- _INSTRUCTIONS TO FOLLOW_
Return the following from the records below: each line, word for word, starting with the line that contains "using parts_disjoint parts_nonempty" and going on through the line that contains "unfolding V_eq using", with nothing outside that range.

- _STORED DATA_

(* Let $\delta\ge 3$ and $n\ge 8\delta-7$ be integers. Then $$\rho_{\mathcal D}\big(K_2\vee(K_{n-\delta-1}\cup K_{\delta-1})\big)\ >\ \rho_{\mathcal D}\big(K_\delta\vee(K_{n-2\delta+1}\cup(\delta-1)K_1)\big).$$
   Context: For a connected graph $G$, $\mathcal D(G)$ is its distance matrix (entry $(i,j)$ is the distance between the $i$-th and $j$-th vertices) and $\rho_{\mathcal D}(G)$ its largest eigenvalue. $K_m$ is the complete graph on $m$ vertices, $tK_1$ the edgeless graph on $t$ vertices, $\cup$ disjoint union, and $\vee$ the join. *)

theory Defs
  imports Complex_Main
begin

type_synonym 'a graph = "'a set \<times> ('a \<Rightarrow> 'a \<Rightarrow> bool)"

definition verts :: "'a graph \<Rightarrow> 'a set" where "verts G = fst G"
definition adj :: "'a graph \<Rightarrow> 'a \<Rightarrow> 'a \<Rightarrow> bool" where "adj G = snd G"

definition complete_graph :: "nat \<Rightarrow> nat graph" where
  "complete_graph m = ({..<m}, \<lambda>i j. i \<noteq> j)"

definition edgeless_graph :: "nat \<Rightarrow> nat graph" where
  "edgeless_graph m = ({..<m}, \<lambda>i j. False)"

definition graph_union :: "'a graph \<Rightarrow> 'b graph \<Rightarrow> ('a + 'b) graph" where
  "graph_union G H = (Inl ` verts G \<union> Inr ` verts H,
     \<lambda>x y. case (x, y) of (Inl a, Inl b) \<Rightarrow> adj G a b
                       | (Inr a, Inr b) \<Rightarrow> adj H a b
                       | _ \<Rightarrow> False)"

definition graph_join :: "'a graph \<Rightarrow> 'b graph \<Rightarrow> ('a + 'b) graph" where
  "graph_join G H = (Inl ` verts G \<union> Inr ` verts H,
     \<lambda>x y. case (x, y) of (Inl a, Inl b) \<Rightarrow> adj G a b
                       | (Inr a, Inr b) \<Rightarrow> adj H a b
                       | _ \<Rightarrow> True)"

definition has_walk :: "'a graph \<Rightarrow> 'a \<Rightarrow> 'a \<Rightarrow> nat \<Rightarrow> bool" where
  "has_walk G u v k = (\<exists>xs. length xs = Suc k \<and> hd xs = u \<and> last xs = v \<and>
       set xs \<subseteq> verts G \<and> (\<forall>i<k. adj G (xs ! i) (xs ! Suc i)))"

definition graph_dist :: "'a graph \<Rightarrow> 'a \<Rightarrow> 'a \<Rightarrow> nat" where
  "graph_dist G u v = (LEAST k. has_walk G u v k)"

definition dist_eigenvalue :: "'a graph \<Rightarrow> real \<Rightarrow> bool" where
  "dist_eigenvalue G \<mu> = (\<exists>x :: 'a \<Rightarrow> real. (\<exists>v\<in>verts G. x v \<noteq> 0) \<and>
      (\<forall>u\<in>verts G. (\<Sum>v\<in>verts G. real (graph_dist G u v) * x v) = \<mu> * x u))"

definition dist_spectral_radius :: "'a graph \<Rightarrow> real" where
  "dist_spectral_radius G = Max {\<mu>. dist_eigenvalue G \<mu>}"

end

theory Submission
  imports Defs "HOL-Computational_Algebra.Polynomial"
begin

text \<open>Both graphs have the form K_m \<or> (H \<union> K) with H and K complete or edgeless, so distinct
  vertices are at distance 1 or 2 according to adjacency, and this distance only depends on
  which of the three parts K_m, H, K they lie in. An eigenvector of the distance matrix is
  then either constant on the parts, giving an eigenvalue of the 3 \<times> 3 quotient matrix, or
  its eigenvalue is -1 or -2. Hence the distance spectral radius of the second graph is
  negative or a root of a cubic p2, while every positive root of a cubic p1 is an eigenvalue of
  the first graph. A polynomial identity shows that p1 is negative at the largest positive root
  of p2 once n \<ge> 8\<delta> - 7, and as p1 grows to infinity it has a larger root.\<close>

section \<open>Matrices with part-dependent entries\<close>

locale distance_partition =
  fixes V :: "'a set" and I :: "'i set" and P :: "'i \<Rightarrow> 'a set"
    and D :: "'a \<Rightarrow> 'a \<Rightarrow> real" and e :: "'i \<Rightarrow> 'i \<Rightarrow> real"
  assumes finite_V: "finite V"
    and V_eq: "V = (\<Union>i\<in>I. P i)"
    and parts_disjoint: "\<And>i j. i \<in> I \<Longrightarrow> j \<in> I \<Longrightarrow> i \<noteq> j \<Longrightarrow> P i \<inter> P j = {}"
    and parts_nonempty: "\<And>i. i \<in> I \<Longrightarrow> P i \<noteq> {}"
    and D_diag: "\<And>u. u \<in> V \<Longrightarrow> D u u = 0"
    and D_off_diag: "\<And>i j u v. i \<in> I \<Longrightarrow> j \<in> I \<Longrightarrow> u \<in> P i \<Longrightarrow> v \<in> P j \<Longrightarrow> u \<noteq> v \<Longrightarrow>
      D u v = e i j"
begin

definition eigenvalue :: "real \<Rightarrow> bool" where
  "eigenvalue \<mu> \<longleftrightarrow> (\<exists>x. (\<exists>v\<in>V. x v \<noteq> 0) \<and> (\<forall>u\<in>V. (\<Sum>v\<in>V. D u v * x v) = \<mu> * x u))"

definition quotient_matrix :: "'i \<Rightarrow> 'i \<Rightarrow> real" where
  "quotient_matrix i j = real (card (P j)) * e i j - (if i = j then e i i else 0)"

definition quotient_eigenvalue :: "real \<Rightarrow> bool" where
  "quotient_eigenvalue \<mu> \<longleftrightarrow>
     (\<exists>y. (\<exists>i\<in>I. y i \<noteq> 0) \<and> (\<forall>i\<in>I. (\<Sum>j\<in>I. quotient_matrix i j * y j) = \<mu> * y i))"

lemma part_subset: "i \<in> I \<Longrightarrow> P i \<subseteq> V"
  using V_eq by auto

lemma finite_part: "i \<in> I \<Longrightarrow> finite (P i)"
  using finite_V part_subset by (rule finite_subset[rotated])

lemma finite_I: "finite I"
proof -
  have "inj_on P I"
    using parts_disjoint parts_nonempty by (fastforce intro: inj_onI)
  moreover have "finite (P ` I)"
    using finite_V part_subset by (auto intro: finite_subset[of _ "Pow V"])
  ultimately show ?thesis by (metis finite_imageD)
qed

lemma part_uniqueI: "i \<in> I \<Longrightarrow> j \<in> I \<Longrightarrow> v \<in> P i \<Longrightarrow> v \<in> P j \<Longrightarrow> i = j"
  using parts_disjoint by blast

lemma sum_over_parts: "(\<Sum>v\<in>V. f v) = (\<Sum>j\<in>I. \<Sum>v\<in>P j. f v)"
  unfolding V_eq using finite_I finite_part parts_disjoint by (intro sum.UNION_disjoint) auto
* * *
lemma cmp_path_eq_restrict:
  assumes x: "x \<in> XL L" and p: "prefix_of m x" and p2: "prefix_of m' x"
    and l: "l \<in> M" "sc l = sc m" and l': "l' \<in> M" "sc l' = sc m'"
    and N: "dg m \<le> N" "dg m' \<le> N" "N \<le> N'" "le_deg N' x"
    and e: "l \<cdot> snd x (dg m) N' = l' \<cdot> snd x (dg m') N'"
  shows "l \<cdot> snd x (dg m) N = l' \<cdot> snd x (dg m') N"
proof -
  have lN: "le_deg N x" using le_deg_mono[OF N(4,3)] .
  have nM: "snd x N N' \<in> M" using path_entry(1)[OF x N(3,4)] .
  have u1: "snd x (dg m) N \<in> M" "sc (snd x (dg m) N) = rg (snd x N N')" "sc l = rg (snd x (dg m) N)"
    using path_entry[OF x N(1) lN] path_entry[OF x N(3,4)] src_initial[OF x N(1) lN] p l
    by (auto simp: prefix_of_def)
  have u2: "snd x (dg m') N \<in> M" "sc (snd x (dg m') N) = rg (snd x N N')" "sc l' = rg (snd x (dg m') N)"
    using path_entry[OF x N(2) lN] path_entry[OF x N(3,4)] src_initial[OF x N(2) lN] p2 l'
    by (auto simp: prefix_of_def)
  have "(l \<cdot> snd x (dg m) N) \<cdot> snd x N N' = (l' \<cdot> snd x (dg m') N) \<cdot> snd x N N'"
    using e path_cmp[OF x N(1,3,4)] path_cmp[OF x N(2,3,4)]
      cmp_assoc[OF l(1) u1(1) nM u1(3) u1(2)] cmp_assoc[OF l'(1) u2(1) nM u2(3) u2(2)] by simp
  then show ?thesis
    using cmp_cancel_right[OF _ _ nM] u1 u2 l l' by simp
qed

- _RESULT FOR THIS EXERCISE_
    using parts_disjoint parts_nonempty by (fastforce intro: inj_onI)
  moreover have "finite (P ` I)"
    using finite_V part_subset by (auto intro: finite_subset[of _ "Pow V"])
  ultimately show ?thesis by (metis finite_imageD)
qed

lemma part_uniqueI: "i \<in> I \<Longrightarrow> j \<in> I \<Longrightarrow> v \<in> P i \<Longrightarrow> v \<in> P j \<Longrightarrow> i = j"
  using parts_disjoint by blast

lemma sum_over_parts: "(\<Sum>v\<in>V. f v) = (\<Sum>j\<in>I. \<Sum>v\<in>P j. f v)"
  unfolding V_eq using finite_I finite_part parts_disjoint by (intro sum.UNION_disjoint) auto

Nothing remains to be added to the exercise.